Figure 7. Representative high-magnification view of the foreign body response in horizontal sections taken at a depth near the tip of a microelectrode shaft 12 weeks after implantation. (A) DAPI positive nucleus of each cell. (B) IBA1 immuno-reactive cells. (C) GFAP immunoreactivity. (D) NeuN and NF160 immunoreactivity. (E) CD68 immunoreactivity. (F) Immunoreactivity for IgG. Scale bar = 100 μm.
Figure 8. Quantification of FBR biomarkers in brain tissue within a 100 μm radius of the tip of individual microelectrodes. Microelectrodes that recorded at least one unit in the final week of recording had significantly lower levels of astrocyte cytoskeleton (GFAP) (p = 0.047). Levels of activated macrophages/microglia (CD68) and IgG were not statistically different. *p < 0.05.
Discussion
In this study, we implanted 18-month-old male rats with a 4×4 UEA into the motor cortex and then examined single-unit recording performance in the implanted, freely moving animals at weekly intervals over a 12-week indwelling period. We observed single-unit action potentials over the entire indwelling period.
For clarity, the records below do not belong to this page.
(* Let $p\ge1$, $n:=\lfloor p\rfloor$, let $V,U$ be Banach spaces, let $X:[0,T]\to V$ satisfy $\|X\|_{p\text{-var};[0,T]}<\infty$ (no continuity assumed), and let $F\in\mathcal C^{n+1}_b(V,U)$. Then: (1) The limit $$\int_0^TDF(X_t)\,d\mathbb X_t:=\mathrm{RRS}\text{-}\lim_\Pi\sum_{[t_i,t_{i+1}]\in\Pi}\sum_{k=1}^n\frac1{k!}D^kF(X_{t_i})(X_{t_{i+1}}-X_{t_i})^{\otimes k}$$ exists, the series below converge absolutely (they have at most countably many nonzero terms), and $$F(X_T)-F(X_0)=\int_0^TDF(X_t)\,d\mathbb X_t+\sum_{0<t\le T}\Big(F(X_t)-F(X_{t-})-\sum_{k=1}^n\frac1{k!}D^kF(X_{t-})(\Delta^-_tX)^{\otimes k}\Big)+\sum_{0\le t<T}\Big(F(X_{t+})-F(X_t)-\sum_{k=1}^n\frac1{k!}D^kF(X_t)(\Delta^+_tX)^{\otimes k}\Big).$$ (2) If $X$ is càdlàg (right-continuous with left limits), then $$F(X_T)-F(X_0)=\int_0^TDF(X_t)\,d\mathbb X_t+\sum_{0<t\le T}\Big(F(X_t)-F(X_{t-})-\sum_{k=1}^n\frac1{k!}D^kF(X_{t-})(\Delta^-_tX)^{\otimes k}\Big).$$ (3) If $X$ is continuous, then $F(X_T)-F(X_0)=\int_0^TDF(X_t)\,d\mathbb X_t$.
   Context: Tensor powers carry norms with $\|a\otimes b\|=\|a\|\|b\|$ (e.g. $V$ finite-dimensional). $\|X\|_{p\text{-var};[0,T]}:=(\sup_\Pi\sum_{[t_i,t_{i+1}]\in\Pi}\|X_{t_{i+1}}-X_{t_i}\|^p)^{1/p}$ over partitions $\Pi=\{0=t_0<\dots<t_N=T\}$ of $[0,T]$. A path of finite $p$-variation has left and right limits everywhere; $X_{t-}:=\lim_{u\uparrow t}X_u$, $X_{t+}:=\lim_{u\downarrow t}X_u$, $\Delta^-_tX:=X_t-X_{t-}$, $\Delta^+_tX:=X_{t+}-X_t$. $\mathcal C^k_b(V,U)$ is the set of $k$ times continuously differentiable $F:V\to U$ with $\|D^jF\|_\infty<\infty$ for $j=0,\dots,k$, where $D^jF(x)$ is a bounded symmetric $j$-linear map applied to $h^{\otimes j}$. RRS convergence: sums $S(\Pi)$ converge to $K$ in the refinement Riemann–Stieltjes sense if for every $\varepsilon>0$ there is a partition $\Pi_\varepsilon$ such that $\|S(\Pi)-K\|<\varepsilon$ for every partition $\Pi\supset\Pi_\varepsilon$. *)

theory Defs
  imports "HOL-Analysis.Analysis"
begin

text \<open>Multilinear maps are represented as functions on lists of arguments:
  M :: 'v list => 'u, meant to be applied to lists of length k.\<close>

definition multilinear_on :: "nat \<Rightarrow> ('v::real_normed_vector list \<Rightarrow> 'u::real_normed_vector) \<Rightarrow> bool" where
  "multilinear_on k M \<longleftrightarrow>
     (\<forall>vs i. length vs = k \<longrightarrow> i < k \<longrightarrow> linear (\<lambda>h. M (vs[i := h])))"

definition symmetric_on :: "nat \<Rightarrow> ('v list \<Rightarrow> 'u) \<Rightarrow> bool" where
  "symmetric_on k M \<longleftrightarrow>
     (\<forall>vs i j. length vs = k \<longrightarrow> i < k \<longrightarrow> j < k \<longrightarrow> M (vs[i := vs ! j, j := vs ! i]) = M vs)"

definition bounded_ml :: "nat \<Rightarrow> ('v::real_normed_vector list \<Rightarrow> 'u::real_normed_vector) \<Rightarrow> bool" where
  "bounded_ml k M \<longleftrightarrow>
     (\<exists>C. \<forall>vs. length vs = k \<longrightarrow> norm (M vs) \<le> C * prod_list (map norm vs))"

text \<open>F is in C^k_b(V,U), with D j x the j-th Frechet derivative D^jF(x) (a bounded symmetric
  j-linear map). Differentiability and continuity are with respect to the operator norm of
  j-linear maps, written out explicitly.\<close>

definition Ckb :: "nat \<Rightarrow> ('v::real_normed_vector \<Rightarrow> 'u::real_normed_vector) \<Rightarrow> (nat \<Rightarrow> 'v \<Rightarrow> 'v list \<Rightarrow> 'u) \<Rightarrow> bool" where
  "Ckb k F D \<longleftrightarrow>
     (\<forall>x. D 0 x [] = F x) \<and>
     (\<forall>j\<le>k. \<forall>x. multilinear_on j (D j x) \<and> symmetric_on j (D j x) \<and> bounded_ml j (D j x)) \<and>
     (\<forall>j<k. \<forall>x. \<forall>e>0. \<exists>d>0. \<forall>h. norm h < d \<longrightarrow> (\<forall>vs. length vs = j \<longrightarrow>
        norm (D j (x + h) vs - D j x vs - D (Suc j) x (h # vs)) \<le> e * norm h * prod_list (map norm vs))) \<and>
     (\<forall>j\<le>k. \<forall>x. \<forall>e>0. \<exists>d>0. \<forall>y. dist y x < d \<longrightarrow> (\<forall>vs. length vs = j \<longrightarrow>
        norm (D j y vs - D j x vs) \<le> e * prod_list (map norm vs))) \<and>
     (\<forall>j\<le>k. \<exists>C. \<forall>x vs. length vs = j \<longrightarrow> norm (D j x vs) \<le> C * prod_list (map norm vs))"

definition is_partition :: "real \<Rightarrow> real set \<Rightarrow> bool" where
  "is_partition T P \<longleftrightarrow> finite P \<and> P \<subseteq> {0..T} \<and> 0 \<in> P \<and> T \<in> P"

definition pnext :: "real set \<Rightarrow> real \<Rightarrow> real" where
  "pnext P t = Min {s \<in> P. t < s}"

definition psum :: "real \<Rightarrow> real set \<Rightarrow> (real \<Rightarrow> real \<Rightarrow> 'a::comm_monoid_add) \<Rightarrow> 'a" where
  "psum T P f = (\<Sum>t\<in>P - {T}. f t (pnext P t))"

definition finite_pvar :: "real \<Rightarrow> real \<Rightarrow> (real \<Rightarrow> 'v::real_normed_vector) \<Rightarrow> bool" where
  "finite_pvar p T X \<longleftrightarrow>
     (\<exists>C. \<forall>P. is_partition T P \<longrightarrow> psum T P (\<lambda>s t. norm (X t - X s) powr p) \<le> C)"

definition rrs_lim :: "real \<Rightarrow> (real set \<Rightarrow> 'a::real_normed_vector) \<Rightarrow> 'a \<Rightarrow> bool" where
  "rrs_lim T S K \<longleftrightarrow>
     (\<forall>e>0. \<exists>Pe. is_partition T Pe \<and>
        (\<forall>P. is_partition T P \<and> Pe \<subseteq> P \<longrightarrow> norm (S P - K) < e))"

definition rrs_integral :: "real \<Rightarrow> (real set \<Rightarrow> 'a::real_normed_vector) \<Rightarrow> 'a" where
  "rrs_integral T S = (THE K. rrs_lim T S K)"

definition taylor :: "(nat \<Rightarrow> 'v \<Rightarrow> 'v list \<Rightarrow> 'u::real_vector) \<Rightarrow> nat \<Rightarrow> 'v \<Rightarrow> 'v \<Rightarrow> 'u" where
  "taylor D n x h = (\<Sum>k=1..n. (1 / fact k) *\<^sub>R D k x (replicate k h))"

definition rough_sum :: "(nat \<Rightarrow> 'v::real_normed_vector \<Rightarrow> 'v list \<Rightarrow> 'u::real_vector) \<Rightarrow> nat \<Rightarrow> real \<Rightarrow> (real \<Rightarrow> 'v) \<Rightarrow> real set \<Rightarrow> 'u" where
  "rough_sum D n T X P = psum T P (\<lambda>s t. taylor D n (X s) (X t - X s))"

definition lleft :: "(real \<Rightarrow> 'v::real_normed_vector) \<Rightarrow> real \<Rightarrow> 'v" where
  "lleft X t = Lim (at_left t) X"

definition lright :: "(real \<Rightarrow> 'v::real_normed_vector) \<Rightarrow> real \<Rightarrow> 'v" where
  "lright X t = Lim (at_right t) X"

definition jump_left :: "('v \<Rightarrow> 'u::real_normed_vector) \<Rightarrow> (nat \<Rightarrow> 'v \<Rightarrow> 'v list \<Rightarrow> 'u) \<Rightarrow> nat \<Rightarrow> (real \<Rightarrow> 'v::real_normed_vector) \<Rightarrow> real \<Rightarrow> 'u" where
  "jump_left F D n X t = F (X t) - F (lleft X t) - taylor D n (lleft X t) (X t - lleft X t)"

definition jump_right :: "('v \<Rightarrow> 'u::real_normed_vector) \<Rightarrow> (nat \<Rightarrow> 'v \<Rightarrow> 'v list \<Rightarrow> 'u) \<Rightarrow> nat \<Rightarrow> (real \<Rightarrow> 'v::real_normed_vector) \<Rightarrow> real \<Rightarrow> 'u" where
  "jump_right F D n X t = F (lright X t) - F (X t) - taylor D n (X t) (lright X t - X t)"

definition cadlag_on :: "real \<Rightarrow> (real \<Rightarrow> 'v::topological_space) \<Rightarrow> bool" where
  "cadlag_on T X \<longleftrightarrow> (\<forall>t\<in>{0..<T}. (X \<longlongrightarrow> X t) (at_right t)) \<and>
                      (\<forall>t\<in>{0<..T}. \<exists>l. (X \<longlongrightarrow> l) (at_left t))"

end

theory Submission
  imports Defs
begin

text \<open>Write \<open>R x y = F y - F x - taylor D n x (y - x)\<close> for the Taylor remainder. The compensated
  Riemann sums are \<open>F (X T) - F (X 0)\<close> minus the sums of \<open>R (X s) (X t)\<close> over the partition
  intervals, and \<open>|R x y| \<le> K |y - x|^(n+1)\<close> with \<open>n + 1 > p\<close>. A path of finite \<open>p\<close>-variation has
  one-sided limits everywhere, finitely many jumps above any given size, and a partition outside of
  whose points its oscillation is small. A fine enough partition isolates the finitely many large
  jumps in short intervals, where the remainder is close to \<open>R (X t-) (X t)\<close> or \<open>R (X t) (X t+)\<close>;
  on all other intervals the increment is small, and their remainders add up to at most
  \<open>\<eta>^(n+1-p)\<close> times the \<open>p\<close>-variation. So the remainder sums converge to the two jump series.
  Statements about right limits follow from those about left limits by reversing time.\<close>

section \<open>Partitions and nonoverlapping intervals\<close>

lemma pnext_props:
  fixes S :: "real set"
  assumes "finite S" "u \<in> S" "s < u"
  shows "pnext S s \<in> S" "s < pnext S s" "\<And>v. v \<in> S \<Longrightarrow> s < v \<Longrightarrow> pnext S s \<le> v"
proof -
  have "finite {v \<in> S. s < v}" "{v \<in> S. s < v} \<noteq> {}"
    using assms by auto
  then show "pnext S s \<in> S" "s < pnext S s" "\<And>v. v \<in> S \<Longrightarrow> s < v \<Longrightarrow> pnext S s \<le> v"
    unfolding pnext_def using Min_in Min_le by fastforce+
qed

lemma pnext_eqI:
  fixes S :: "real set"
  assumes "finite S" "t \<in> S" "s < t" "\<And>v. v \<in> S \<Longrightarrow> s < v \<Longrightarrow> t \<le> v"
  shows "pnext S s = t"
  using pnext_props[OF assms(1-3)] assms by (meson antisym)

lemma partition_pnext:
  assumes P: "is_partition T P" and s: "s \<in> P - {T}"
  shows "pnext P s \<in> P" "s < pnext P s" "\<And>v. v \<in> P \<Longrightarrow> s < v \<Longrightarrow> pnext P s \<le> v"
    and "0 \<le> s" "pnext P s \<le> T"
proof -
  have "finite P" "T \<in> P" "s < T" "0 \<le> s"
    using assms unfolding is_partition_def by auto
  then show "pnext P s \<in> P" "s < pnext P s" "\<And>v. v \<in> P \<Longrightarrow> s < v \<Longrightarrow> pnext P s \<le> v"
    "0 \<le> s" "pnext P s \<le> T"
    using pnext_props by auto
qed

lemma partition_pnext_bij:
  assumes P: "is_partition T P"
  shows "bij_betw (pnext P) (P - {T}) (P - {0})"
proof (rule bij_betw_imageI)
  show "inj_on (pnext P) (P - {T})"
  proof (rule inj_onI)
    fix s s' assume s: "s \<in> P - {T}" "s' \<in> P - {T}" "pnext P s = pnext P s'"
    have "\<not> s < s'" "\<not> s' < s"
      using partition_pnext[OF P s(1)] partition_pnext[OF P s(2)] s by (metis DiffD1 not_le)+
    then show "s = s'" by simp
  qed
  show "pnext P ` (P - {T}) = P - {0}"
  proof
    show "pnext P ` (P - {T}) \<subseteq> P - {0}"
      using partition_pnext[OF P] by fastforce
    show "P - {0} \<subseteq> pnext P ` (P - {T})"
    proof
      fix a assume a: "a \<in> P - {0}"
      have fin: "finite P" and "P \<subseteq> {0..T}" and z: "0 \<in> P"
        using P unfolding is_partition_def by auto
      define m where "m = Max {u \<in> P. u < a}"
      have lower: "finite {u \<in> P. u < a}" "{u \<in> P. u < a} \<noteq> {}"
        using fin z a \<open>P \<subseteq> {0..T}\<close> by force+
      then have m: "m \<in> P" "m < a" "\<And>v. v \<in> P \<Longrightarrow> v < a \<Longrightarrow> v \<le> m"
        unfolding m_def using Max_in Max_ge by blast+
      have "pnext P m = a"
        using a m by (intro pnext_eqI[OF fin]) (auto simp: not_le[symmetric])
      moreover have "m \<noteq> T"
        using m \<open>P \<subseteq> {0..T}\<close> a by auto
      ultimately show "a \<in> pnext P ` (P - {T})"
        using m by (metis DiffI image_eqI singletonD)
    qed
  qed
qed

lemma partition_pnext_bij_onto:
  assumes P: "is_partition T P" and S: "S \<subseteq> P"
  shows "bij_betw (pnext P) {s \<in> P - {T}. pnext P s \<in> S} (S - {0})"
proof (rule bij_betw_subset[OF partition_pnext_bij[OF P]])
  have surj: "pnext P ` (P - {T}) = P - {0}"
    using bij_betw_imp_surj_on[OF partition_pnext_bij[OF P]] .
  show "pnext P ` {s \<in> P - {T}. pnext P s \<in> S} = S - {0}"
  proof
    show "pnext P ` {s \<in> P - {T}. pnext P s \<in> S} \<subseteq> S - {0}"
      using surj by auto
    show "S - {0} \<subseteq> pnext P ` {s \<in> P - {T}. pnext P s \<in> S}"
    proof
      fix a assume "a \<in> S - {0}"
      moreover from this obtain s where "s \<in> P - {T}" "a = pnext P s"
        using surj S by (metis Diff_iff imageE insertI1 subsetD)
      ultimately show "a \<in> pnext P ` {s \<in> P - {T}. pnext P s \<in> S}"
        by blast
    qed
  qed
qed auto

lemma psum_telescope:
  fixes g :: "real \<Rightarrow> 'a::ab_group_add"
  assumes P: "is_partition T P"
  shows "psum T P (\<lambda>s t. g t - g s) = g T - g 0"
proof -
  have fin: "finite P" and T: "T \<in> P" and z: "0 \<in> P"
    using P unfolding is_partition_def by auto
  have "psum T P (\<lambda>s t. g t - g s) = sum g (P - {0}) - sum g (P - {T})"
    unfolding psum_def sum_subtractf sum.reindex_bij_betw[OF partition_pnext_bij[OF P]] ..
  also have "\<dots> = g T - g 0"
    using fin T z by (simp add: sum_diff1 algebra_simps)
  finally show ?thesis .
qed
Single-unit recording performance was most robust in the month following implantation, and then gradually declined over the subsequent 2-month period. These findings are similar to what has been reported using the same recording array in younger adult rats (Nolta et al., 2015; Black et al., 2018; Cody et al., 2018). More importantly, when we compared the single-unit recording yield of the older cohort in this study to a younger male cohort (3 months old) of the same rat strain over a 12-week period, the recording performance yield was as good as, and in some weeks significantly better than, the younger cohort (Table 2).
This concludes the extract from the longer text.